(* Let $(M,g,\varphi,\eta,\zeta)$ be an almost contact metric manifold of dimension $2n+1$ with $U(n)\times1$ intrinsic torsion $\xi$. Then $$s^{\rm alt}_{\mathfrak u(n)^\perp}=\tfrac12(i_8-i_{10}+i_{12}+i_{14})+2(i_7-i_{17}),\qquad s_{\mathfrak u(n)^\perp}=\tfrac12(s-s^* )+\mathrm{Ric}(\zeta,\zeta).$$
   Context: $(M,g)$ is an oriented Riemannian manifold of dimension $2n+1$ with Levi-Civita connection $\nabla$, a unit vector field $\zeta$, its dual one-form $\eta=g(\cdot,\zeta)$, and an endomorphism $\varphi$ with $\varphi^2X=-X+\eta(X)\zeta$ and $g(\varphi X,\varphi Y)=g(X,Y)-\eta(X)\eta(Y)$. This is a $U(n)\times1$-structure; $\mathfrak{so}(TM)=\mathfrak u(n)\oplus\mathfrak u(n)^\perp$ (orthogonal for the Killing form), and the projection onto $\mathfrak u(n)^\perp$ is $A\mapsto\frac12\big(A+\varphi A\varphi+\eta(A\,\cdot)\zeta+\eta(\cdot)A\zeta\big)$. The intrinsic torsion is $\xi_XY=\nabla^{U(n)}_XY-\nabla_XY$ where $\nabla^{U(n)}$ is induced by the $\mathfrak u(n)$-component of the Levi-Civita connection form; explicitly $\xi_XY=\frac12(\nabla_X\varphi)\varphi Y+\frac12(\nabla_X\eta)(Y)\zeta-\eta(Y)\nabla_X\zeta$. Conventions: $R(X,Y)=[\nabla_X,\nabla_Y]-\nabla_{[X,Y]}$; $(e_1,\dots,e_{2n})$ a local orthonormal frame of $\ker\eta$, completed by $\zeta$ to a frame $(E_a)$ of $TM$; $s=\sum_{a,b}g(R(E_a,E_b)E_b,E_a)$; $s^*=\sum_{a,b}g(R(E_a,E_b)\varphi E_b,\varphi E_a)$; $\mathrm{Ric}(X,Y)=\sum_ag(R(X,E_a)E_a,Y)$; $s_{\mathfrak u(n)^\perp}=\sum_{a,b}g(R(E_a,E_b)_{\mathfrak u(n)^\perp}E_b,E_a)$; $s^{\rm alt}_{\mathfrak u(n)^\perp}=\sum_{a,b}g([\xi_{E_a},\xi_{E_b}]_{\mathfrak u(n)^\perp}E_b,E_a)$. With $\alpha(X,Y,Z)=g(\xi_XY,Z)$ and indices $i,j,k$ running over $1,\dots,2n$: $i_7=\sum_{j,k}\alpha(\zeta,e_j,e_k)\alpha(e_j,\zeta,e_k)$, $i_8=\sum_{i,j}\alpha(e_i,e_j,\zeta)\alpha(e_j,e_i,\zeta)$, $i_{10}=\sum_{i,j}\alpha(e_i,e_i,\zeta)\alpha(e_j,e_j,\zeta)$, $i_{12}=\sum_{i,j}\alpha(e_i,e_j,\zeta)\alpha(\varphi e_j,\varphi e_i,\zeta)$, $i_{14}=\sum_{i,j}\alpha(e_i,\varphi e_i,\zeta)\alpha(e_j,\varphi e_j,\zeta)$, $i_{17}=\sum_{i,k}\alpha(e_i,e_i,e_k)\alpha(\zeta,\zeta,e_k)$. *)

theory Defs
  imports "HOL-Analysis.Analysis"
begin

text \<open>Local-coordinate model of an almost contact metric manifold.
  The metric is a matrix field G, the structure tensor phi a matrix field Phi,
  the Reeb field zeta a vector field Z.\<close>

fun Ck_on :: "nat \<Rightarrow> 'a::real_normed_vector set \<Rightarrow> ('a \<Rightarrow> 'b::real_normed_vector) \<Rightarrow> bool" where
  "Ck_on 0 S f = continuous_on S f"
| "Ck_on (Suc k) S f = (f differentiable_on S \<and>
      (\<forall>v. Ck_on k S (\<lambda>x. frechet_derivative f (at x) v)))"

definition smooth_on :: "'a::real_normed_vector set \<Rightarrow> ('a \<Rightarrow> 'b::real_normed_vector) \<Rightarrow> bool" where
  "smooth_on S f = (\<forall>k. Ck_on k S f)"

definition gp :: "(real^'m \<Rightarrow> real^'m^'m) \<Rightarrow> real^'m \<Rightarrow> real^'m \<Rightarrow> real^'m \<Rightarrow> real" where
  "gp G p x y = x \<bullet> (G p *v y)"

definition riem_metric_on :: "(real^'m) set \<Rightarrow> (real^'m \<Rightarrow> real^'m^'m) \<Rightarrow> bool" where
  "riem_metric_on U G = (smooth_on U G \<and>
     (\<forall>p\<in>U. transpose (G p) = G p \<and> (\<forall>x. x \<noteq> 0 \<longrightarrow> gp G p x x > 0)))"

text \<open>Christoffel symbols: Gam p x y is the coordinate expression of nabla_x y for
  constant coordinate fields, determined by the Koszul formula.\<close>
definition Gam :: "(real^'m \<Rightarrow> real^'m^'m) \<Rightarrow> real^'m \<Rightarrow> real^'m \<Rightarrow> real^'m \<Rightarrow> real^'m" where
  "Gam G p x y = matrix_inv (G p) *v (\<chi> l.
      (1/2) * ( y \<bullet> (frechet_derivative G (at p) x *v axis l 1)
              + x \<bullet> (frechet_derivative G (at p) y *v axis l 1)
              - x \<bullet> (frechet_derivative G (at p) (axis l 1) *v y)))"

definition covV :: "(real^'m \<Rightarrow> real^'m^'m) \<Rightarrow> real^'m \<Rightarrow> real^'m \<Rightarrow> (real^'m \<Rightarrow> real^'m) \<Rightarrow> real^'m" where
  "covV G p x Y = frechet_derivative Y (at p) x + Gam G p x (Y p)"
=-=-=-=-=
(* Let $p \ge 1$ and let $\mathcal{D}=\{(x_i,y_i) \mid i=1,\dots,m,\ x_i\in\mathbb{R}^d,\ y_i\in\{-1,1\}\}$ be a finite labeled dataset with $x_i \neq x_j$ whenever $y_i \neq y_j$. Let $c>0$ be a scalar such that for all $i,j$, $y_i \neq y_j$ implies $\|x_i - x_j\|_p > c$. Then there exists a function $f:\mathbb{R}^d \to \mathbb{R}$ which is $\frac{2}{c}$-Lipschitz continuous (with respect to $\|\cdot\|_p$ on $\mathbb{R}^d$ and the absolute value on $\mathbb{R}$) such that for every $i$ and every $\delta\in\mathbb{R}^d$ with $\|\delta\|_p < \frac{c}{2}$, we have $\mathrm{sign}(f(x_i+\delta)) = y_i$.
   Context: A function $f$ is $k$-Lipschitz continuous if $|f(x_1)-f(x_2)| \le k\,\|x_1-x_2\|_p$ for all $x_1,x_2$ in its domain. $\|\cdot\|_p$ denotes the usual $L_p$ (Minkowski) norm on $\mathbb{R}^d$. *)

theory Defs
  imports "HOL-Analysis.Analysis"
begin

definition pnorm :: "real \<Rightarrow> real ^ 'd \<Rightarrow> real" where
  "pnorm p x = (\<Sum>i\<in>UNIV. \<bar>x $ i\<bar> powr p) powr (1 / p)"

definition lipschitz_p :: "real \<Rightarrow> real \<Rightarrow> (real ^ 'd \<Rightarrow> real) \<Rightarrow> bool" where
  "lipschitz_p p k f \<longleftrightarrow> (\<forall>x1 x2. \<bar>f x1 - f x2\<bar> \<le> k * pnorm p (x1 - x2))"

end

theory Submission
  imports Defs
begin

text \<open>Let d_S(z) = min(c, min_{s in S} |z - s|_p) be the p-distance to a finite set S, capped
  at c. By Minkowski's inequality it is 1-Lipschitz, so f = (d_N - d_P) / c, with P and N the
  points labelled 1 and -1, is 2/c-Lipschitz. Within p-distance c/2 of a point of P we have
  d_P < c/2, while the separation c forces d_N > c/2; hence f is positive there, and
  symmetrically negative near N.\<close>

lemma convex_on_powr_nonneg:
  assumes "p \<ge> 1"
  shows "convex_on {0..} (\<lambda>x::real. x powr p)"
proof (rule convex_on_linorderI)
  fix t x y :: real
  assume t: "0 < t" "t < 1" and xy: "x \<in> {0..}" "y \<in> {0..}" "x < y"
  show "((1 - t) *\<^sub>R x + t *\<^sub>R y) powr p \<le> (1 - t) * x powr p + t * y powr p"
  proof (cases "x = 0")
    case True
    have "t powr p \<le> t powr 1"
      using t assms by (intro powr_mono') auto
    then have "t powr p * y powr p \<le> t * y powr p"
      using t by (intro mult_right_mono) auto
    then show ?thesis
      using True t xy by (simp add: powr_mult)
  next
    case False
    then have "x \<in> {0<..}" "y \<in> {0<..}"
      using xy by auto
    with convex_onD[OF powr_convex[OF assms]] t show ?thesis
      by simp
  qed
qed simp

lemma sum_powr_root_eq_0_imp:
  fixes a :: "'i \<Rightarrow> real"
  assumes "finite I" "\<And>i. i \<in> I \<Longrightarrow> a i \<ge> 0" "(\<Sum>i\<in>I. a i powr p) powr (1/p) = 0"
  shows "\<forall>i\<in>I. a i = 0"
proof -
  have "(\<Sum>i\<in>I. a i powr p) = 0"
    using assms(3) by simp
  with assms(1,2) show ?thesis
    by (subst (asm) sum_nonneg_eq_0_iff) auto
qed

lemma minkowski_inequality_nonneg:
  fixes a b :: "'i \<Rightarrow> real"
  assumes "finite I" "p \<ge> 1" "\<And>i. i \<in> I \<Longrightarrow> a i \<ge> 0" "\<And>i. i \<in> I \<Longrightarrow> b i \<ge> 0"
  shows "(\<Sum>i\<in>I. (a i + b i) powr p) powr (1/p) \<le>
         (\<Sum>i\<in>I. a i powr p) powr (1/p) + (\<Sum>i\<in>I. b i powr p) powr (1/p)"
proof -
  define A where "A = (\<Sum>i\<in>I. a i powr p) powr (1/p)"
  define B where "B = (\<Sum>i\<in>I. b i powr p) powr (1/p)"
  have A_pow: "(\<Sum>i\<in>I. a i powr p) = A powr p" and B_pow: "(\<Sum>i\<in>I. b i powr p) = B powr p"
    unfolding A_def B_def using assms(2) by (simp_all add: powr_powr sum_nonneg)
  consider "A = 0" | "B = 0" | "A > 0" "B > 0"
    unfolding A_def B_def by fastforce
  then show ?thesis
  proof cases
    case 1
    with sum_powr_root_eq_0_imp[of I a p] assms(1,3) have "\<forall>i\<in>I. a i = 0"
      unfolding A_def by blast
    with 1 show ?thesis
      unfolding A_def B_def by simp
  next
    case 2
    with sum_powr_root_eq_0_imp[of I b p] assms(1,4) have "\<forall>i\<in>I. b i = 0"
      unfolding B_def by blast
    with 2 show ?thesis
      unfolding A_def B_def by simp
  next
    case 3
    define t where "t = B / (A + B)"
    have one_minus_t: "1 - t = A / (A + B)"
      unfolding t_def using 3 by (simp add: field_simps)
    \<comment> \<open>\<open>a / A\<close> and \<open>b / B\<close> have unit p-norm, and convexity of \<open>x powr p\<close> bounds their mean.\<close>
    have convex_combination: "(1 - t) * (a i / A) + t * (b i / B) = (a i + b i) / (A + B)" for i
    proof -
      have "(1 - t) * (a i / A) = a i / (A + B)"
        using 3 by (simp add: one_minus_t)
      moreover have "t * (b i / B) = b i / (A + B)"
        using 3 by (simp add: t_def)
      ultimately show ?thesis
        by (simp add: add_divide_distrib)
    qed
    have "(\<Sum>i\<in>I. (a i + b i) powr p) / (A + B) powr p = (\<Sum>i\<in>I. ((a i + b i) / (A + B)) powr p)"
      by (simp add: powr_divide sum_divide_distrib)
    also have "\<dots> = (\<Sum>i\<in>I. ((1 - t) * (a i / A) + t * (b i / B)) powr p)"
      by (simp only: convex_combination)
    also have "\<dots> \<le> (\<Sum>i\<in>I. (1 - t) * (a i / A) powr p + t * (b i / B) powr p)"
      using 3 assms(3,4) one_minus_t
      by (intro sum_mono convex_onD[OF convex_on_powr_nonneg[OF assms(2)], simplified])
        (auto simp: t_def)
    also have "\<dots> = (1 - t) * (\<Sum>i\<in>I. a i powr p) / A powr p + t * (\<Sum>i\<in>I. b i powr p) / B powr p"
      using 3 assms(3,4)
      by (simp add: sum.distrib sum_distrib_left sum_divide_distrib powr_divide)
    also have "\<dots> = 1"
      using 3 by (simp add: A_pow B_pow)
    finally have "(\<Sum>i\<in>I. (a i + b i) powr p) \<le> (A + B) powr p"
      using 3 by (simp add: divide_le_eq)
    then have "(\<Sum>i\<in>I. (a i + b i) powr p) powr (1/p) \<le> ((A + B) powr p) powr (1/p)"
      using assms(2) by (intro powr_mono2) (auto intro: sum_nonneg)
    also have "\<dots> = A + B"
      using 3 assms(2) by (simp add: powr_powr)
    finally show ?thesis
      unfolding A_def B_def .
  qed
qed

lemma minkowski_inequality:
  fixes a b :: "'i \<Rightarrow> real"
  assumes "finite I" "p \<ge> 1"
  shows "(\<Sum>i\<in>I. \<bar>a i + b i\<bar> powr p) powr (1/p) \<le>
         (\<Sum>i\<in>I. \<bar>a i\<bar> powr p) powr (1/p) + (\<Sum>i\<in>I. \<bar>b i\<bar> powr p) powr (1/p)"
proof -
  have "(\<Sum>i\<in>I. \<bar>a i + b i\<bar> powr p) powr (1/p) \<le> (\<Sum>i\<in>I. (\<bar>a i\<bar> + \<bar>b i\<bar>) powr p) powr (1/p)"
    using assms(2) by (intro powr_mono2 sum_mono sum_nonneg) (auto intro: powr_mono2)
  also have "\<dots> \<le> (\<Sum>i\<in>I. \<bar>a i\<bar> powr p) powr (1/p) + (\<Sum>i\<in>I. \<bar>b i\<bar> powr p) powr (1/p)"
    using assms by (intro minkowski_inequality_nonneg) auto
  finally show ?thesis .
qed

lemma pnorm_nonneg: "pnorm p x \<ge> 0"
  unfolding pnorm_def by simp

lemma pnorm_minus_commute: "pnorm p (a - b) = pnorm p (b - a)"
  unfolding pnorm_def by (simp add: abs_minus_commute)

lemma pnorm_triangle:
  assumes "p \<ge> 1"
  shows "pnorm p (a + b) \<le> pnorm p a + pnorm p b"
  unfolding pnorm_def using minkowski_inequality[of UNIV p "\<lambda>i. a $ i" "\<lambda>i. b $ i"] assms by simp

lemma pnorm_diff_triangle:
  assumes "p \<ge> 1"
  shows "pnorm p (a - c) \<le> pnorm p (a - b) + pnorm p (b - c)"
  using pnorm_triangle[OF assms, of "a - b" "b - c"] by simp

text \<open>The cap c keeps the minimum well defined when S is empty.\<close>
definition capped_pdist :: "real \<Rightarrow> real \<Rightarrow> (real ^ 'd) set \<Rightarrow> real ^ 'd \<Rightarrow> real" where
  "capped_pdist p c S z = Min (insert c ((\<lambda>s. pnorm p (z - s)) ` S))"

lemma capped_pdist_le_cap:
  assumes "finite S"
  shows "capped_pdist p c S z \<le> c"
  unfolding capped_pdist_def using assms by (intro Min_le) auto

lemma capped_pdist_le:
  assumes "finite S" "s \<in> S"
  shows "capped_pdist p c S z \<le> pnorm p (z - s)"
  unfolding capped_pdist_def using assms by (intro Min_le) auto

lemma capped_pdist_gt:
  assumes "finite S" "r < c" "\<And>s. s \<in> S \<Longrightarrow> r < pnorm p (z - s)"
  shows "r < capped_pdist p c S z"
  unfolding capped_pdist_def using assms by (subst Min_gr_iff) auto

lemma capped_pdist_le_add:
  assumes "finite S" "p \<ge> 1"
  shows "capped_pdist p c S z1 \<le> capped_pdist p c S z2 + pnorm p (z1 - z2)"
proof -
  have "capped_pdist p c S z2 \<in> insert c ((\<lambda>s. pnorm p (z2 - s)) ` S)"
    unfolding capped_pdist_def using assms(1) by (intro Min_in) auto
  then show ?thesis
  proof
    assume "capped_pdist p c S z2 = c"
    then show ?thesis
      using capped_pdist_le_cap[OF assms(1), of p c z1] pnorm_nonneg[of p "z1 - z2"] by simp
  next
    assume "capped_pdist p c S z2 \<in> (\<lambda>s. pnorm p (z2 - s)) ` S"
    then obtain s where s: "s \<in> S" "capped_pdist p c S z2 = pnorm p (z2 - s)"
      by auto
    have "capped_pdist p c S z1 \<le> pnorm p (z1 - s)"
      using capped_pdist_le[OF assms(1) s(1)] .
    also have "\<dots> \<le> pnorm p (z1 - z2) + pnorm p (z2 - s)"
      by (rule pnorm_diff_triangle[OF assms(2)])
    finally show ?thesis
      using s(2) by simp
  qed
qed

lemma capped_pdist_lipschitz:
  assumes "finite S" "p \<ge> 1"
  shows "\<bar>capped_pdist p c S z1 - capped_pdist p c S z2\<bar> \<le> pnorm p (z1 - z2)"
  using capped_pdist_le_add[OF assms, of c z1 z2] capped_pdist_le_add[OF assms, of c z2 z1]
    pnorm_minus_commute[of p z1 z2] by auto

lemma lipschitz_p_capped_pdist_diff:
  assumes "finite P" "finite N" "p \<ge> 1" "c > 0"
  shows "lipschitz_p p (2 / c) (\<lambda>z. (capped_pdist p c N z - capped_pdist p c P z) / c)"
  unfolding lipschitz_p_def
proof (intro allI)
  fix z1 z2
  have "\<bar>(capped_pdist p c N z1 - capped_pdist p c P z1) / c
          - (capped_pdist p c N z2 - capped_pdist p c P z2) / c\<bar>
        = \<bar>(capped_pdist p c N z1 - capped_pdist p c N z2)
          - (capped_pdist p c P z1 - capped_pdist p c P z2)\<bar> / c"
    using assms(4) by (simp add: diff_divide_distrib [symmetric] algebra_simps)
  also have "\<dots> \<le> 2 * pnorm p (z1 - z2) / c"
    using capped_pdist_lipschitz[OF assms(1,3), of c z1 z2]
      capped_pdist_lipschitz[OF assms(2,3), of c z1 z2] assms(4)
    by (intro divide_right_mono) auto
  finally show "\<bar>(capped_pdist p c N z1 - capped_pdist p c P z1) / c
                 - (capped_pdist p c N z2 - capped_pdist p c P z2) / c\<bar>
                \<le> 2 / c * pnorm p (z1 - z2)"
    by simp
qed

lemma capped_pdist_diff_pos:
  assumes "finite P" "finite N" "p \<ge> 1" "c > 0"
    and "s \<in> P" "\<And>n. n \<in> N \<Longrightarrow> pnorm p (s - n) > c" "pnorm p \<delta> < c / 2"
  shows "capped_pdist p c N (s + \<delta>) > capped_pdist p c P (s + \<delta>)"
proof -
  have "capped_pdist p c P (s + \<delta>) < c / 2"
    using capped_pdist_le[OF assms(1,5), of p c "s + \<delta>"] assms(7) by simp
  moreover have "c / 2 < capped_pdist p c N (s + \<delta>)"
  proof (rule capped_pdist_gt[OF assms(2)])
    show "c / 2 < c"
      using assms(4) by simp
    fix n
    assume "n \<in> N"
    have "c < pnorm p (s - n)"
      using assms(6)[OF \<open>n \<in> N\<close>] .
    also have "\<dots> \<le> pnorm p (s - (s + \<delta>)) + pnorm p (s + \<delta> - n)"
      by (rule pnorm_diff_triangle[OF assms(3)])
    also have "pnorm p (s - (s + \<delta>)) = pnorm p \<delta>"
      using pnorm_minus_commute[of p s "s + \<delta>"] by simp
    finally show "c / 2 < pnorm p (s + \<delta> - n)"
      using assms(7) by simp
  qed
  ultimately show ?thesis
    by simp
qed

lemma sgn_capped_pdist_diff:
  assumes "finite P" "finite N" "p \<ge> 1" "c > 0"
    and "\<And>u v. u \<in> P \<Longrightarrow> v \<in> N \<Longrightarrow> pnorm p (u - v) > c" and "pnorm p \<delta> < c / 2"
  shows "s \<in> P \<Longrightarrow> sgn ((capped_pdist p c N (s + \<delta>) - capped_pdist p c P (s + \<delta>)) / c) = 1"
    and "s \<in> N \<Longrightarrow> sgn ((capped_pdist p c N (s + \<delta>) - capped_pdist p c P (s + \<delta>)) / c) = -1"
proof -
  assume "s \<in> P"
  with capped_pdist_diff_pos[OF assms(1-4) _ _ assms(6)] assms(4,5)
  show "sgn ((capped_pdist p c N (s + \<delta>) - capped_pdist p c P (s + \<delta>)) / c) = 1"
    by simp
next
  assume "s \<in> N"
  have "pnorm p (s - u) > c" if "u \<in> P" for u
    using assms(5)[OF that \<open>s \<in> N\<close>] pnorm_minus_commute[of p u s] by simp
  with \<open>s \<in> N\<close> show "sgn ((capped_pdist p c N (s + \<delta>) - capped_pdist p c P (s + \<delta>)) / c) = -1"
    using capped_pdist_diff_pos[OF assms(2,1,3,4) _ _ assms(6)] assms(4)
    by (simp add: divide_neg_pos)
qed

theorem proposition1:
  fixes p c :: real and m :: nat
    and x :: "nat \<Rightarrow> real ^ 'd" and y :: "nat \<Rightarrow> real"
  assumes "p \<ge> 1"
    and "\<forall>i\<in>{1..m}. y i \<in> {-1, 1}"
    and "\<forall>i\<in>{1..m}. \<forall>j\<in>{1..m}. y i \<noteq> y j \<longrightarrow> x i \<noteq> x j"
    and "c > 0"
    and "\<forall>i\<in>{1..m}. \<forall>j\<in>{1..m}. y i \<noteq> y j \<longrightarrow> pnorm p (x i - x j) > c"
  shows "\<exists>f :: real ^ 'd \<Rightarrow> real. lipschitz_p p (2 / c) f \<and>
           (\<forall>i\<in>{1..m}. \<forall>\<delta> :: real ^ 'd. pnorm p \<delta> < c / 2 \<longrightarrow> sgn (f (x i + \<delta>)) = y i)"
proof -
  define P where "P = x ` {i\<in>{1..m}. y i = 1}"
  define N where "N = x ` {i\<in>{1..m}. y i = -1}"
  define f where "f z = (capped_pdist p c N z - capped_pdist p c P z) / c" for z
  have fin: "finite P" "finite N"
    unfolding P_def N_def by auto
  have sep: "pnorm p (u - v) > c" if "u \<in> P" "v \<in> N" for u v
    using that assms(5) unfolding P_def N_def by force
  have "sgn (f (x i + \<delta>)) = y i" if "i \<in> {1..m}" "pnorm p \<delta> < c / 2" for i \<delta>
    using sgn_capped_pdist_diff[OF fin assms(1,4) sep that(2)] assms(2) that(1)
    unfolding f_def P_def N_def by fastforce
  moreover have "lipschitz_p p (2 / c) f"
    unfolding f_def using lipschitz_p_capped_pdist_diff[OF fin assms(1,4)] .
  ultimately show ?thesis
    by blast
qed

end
=-=-=-=-=
[Task requirements]
In the entries above, please find the line with "by (rule pnorm_diff_triangle[OF assms(2)])" and the line with "c S z2\<bar>", then write out exactly those two lines and every line between them, and nothing more.

[Answer to this exercise]
      by (rule pnorm_diff_triangle[OF assms(2)])
    finally show ?thesis
      using s(2) by simp
  qed
qed

lemma capped_pdist_lipschitz:
  assumes "finite S" "p \<ge> 1"
  shows "\<bar>capped_pdist p c S z1 - capped_pdist p c S z2\<bar> \<le> pnorm p (z1 - z2)"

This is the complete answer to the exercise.